How do I debug a failing cloudera-scm-server process?

时间:2015-06-15 14:17:32

标签: cloudera-manager

I am trying to install Cloudera Manager 5 on centOS6, but the cloudera-scm-server process keeps failing without a clear error in the logs.

service --status-all

cloudera-scm-agent (pid  7058) is running...
cloudera-scm-server dead but pid file exists
pg_ctl: server is running (PID: 13650)
/usr/bin/postgres "-D" "/var/lib/cloudera-scm-server-db/data"

cat /var/log/cloudera-scm-server/cloudera-scm-server.out

JAVA_HOME=/usr/java/jdk1.7.0_67-cloudera
Killed (core dumped)

`cat /var/log/cloudera-scm-server/cloudera-scm-server.log

...
2015-06-15 13:54:23,642 INFO main:org.springframework.context.annotation.AnnotationConfigApplicationContext: Refreshing org.springframework.context.annotation.AnnotationConfigApplicationContext@6424e9d8: startup date [Mon Jun 15 13:54:23 UTC 2015]; root of context hierarchy
2015-06-15 13:54:23,682 INFO main:org.springframework.beans.factory.support.DefaultListableBeanFactory: Pre-instantiating singletons in org.springframework.beans.factory.support.DefaultListableBeanFactory@3738baec: defining beans [org.springframework.context.annotation.internalConfigurationAnnotationProcessor,org.springframework.context.annotation.internalAutowiredAnnotationProcessor,org.springframework.context.annotation.internalRequiredAnnotationProcessor,org.springframework.context.annotation.internalCommonAnnotationProcessor,defaultValidatorConfiguration,messageInterpolator,validServiceDependencyValidator,uniqueServiceTypeValidator,uniqueRoleTypeValidator,existingServiceTypeValidator,existingRoleTypeValidator,expressionValidator,autoConfigSharesValidValidator,sdlParser,mdlParser,parcelParser,alternativesParser,permissionsParser,manifestParser,stringInterpolator,serviceDescriptorValidatorWithoutDependencyCheck,serviceDescriptorValidatorWithDependencyCheck,referenceValidator,serviceMonitoringDefinitionsDescriptorValidator,descriptorVisitor,parcelDescriptorValidator,alternativesDescriptorValidator,permissionsDescriptorValidator,manifestDescriptorValidator,springConstraintValidatorFactory,validatorFactoryBean,metricNameFormatValidator,nameForCrossEntityAggregateFormatValidator,builtInServiceTypes,builtInRoleTypes,builtInNamesForCrossEntityAggregateMetrics,uniqueFieldValidator]; root of factory hierarchy
2015-06-15 13:54:48,589 INFO main:com.cloudera.csd.components.MdlRegistry: Loaded /mdls/cdh5/oozie.mdl
2015-06-15 13:54:48,627 INFO main:com.cloudera.cmf.rules.RulesEngine: Loading rules knowledge base

The end of the log is not 100% consistent, but in general I would say this is the spot after which it regularly fails. On an OutOfMemoryError the application would get killed like it does, but I would expect in that case to find an indication of the error in the logs. Also the heap ought to get dumped, but I fail to find the heap dump, there is no *.hprof file anywhere on the machine. Since the cloudera-scm-server.out log say something about a core-dump, but I don't find that either, where would I look for that?
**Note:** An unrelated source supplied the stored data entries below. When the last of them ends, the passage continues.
(* Let $E$ be a finite set and let $\omega:2^E\to[0,\infty)$ be Rayleigh. Then $\omega$ is logarithmically submodular: for all $S,T\subseteq E$, $\omega(S)\omega(T)\ge\omega(S\cap T)\,\omega(S\cup T)$.
   Context: For $\omega:2^E\to[0,\infty)$ not identically zero, let $Z(\omega;\mathbf{y})=\sum_{S\subseteq E}\omega(S)\prod_{e\in S}y_e$ in commuting indeterminates $\mathbf{y}=\{y_e:e\in E\}$. Write $Z_e=\partial Z/\partial y_e$, $Z_{ef}=\partial^2Z/\partial y_e\partial y_f$ and $\Delta Z\{e,f\}=Z_eZ_f-Z_{ef}Z$. $\omega$ is Rayleigh if $\Delta Z\{e,f\}(\mathbf{y})\ge0$ for all distinct $e,f\in E$ and all $\mathbf{y}$ with all $y_c>0$. *)

theory Defs
  imports "HOL-Analysis.Analysis"
begin

definition genpoly :: "'a set \<Rightarrow> ('a set \<Rightarrow> real) \<Rightarrow> ('a \<Rightarrow> real) \<Rightarrow> real" where
  "genpoly E \<omega> y = (\<Sum>S\<in>Pow E. \<omega> S * (\<Prod>e\<in>S. y e))"

definition pderiv_var :: "'a \<Rightarrow> (('a \<Rightarrow> real) \<Rightarrow> real) \<Rightarrow> ('a \<Rightarrow> real) \<Rightarrow> real" where
  "pderiv_var e F y = deriv (\<lambda>t. F (y(e := t))) (y e)"

definition rayleigh_diff :: "'a set \<Rightarrow> ('a set \<Rightarrow> real) \<Rightarrow> 'a \<Rightarrow> 'a \<Rightarrow> ('a \<Rightarrow> real) \<Rightarrow> real" where
  "rayleigh_diff E \<omega> e f y =
     pderiv_var e (genpoly E \<omega>) y * pderiv_var f (genpoly E \<omega>) y
     - pderiv_var e (pderiv_var f (genpoly E \<omega>)) y * genpoly E \<omega> y"

definition rayleigh :: "'a set \<Rightarrow> ('a set \<Rightarrow> real) \<Rightarrow> bool" where
  "rayleigh E \<omega> \<longleftrightarrow>
     (\<forall>e\<in>E. \<forall>f\<in>E. e \<noteq> f \<longrightarrow>
        (\<forall>y. (\<forall>c\<in>E. y c > 0) \<longrightarrow> rayleigh_diff E \<omega> e f y \<ge> 0))"

end

theory Submission
  imports Defs
begin

(* As a function of y_e and y_f alone, the generating polynomial is bilinear,
   Z = a + b y_e + c y_f + d y_e y_f, its coefficients being the generating polynomials of the
   deletions and contractions of e and f, and its Rayleigh difference is the constant b c - a d.
   So the Rayleigh property gives Z(s,t) Z(s',t') <= Z(s',t) Z(s,t') whenever s <= s' and t <= t'.
   At the point y_c = l for c in W, y_c = 1/l otherwise, this says that W -> log Z is submodular
   with respect to adding two elements, hence submodular.  At that point Z = l^|W| (omega W + O(1/l)),
   and |S Int T| + |S Un T| = |S| + |T|, so dividing by l^(|S| + |T|) and letting l tend to
   infinity gives the inequality. *)

definition deletion :: "'a \<Rightarrow> ('a set \<Rightarrow> real) \<Rightarrow> 'a set \<Rightarrow> real" where
  "deletion e \<omega> R = (if e \<in> R then 0 else \<omega> R)"

definition contraction :: "'a \<Rightarrow> ('a set \<Rightarrow> real) \<Rightarrow> 'a set \<Rightarrow> real" where
  "contraction e \<omega> R = (if e \<in> R then 0 else \<omega> (insert e R))"

lemma sum_Pow_insert:
  assumes "finite A" "a \<notin> A"
  shows "(\<Sum>X\<in>Pow (insert a A). h X) = (\<Sum>X\<in>Pow A. h X) + (\<Sum>X\<in>Pow A. h (insert a X))"
proof -
  have "inj_on (insert a) (Pow A)"
    using assms(2) by (auto intro!: inj_onI)
  then show ?thesis
    unfolding Pow_insert using assms by (subst sum.union_disjoint) (auto simp: sum.reindex)
qed

lemma genpoly_fun_upd:
  assumes "finite E" "e \<in> E"
  shows "genpoly E \<omega> (y(e := t)) = genpoly E (deletion e \<omega>) y + t * genpoly E (contraction e \<omega>) y"
proof -
  let ?E = "E - {e}"
  have split: "(\<Sum>X\<in>Pow E. h X) = (\<Sum>X\<in>Pow ?E. h X) + (\<Sum>X\<in>Pow ?E. h (insert e X))"
    for h :: "'a set \<Rightarrow> real"
    using sum_Pow_insert[of ?E e h] assms by (simp add: insert_absorb)
  have prod_upd: "(\<Prod>c\<in>X. (y(e := t)) c) = (\<Prod>c\<in>X. y c)" if "X \<subseteq> ?E" for X
    using that by (intro prod.cong) auto
  have prod_upd_insert: "(\<Prod>c\<in>insert e X. (y(e := t)) c) = t * (\<Prod>c\<in>X. y c)" if "X \<subseteq> ?E" for X
    using that prod_upd[OF that] finite_subset[OF that] assms(1) by (subst prod.insert) auto
  have "genpoly E \<omega> (y(e := t)) =
      (\<Sum>X\<in>Pow ?E. \<omega> X * prod y X) + t * (\<Sum>X\<in>Pow ?E. \<omega> (insert e X) * prod y X)"
    unfolding genpoly_def split sum_distrib_left
    by (intro arg_cong2[where f = "(+)"] sum.cong refl)
      (auto simp del: fun_upd_apply simp: prod_upd prod_upd_insert)
  moreover have "genpoly E (deletion e \<omega>) y = (\<Sum>X\<in>Pow ?E. \<omega> X * prod y X)"
    unfolding genpoly_def split deletion_def by (auto intro!: sum.cong)
  moreover have "genpoly E (contraction e \<omega>) y = (\<Sum>X\<in>Pow ?E. \<omega> (insert e X) * prod y X)"
    unfolding genpoly_def split contraction_def by (auto intro!: sum.cong)
  ultimately show ?thesis
    by simp
qed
The server DB is the embedded one, and is running properly. The only error message that looks suspicious to me in the logs is that the relation 'cm_version' does not exist.

1 个答案:

答案 0 :(得分:0)

问题与内存有关:不是堆空间耗尽,而是实际的物理内存。我的VM默认为512 MB内存,并且JVM配置为具有2 GB的堆空间 - 填满物理内存导致操作系统以静默方式终止进程,因此没有有用的日志条目。解决方案是增加VM的内存。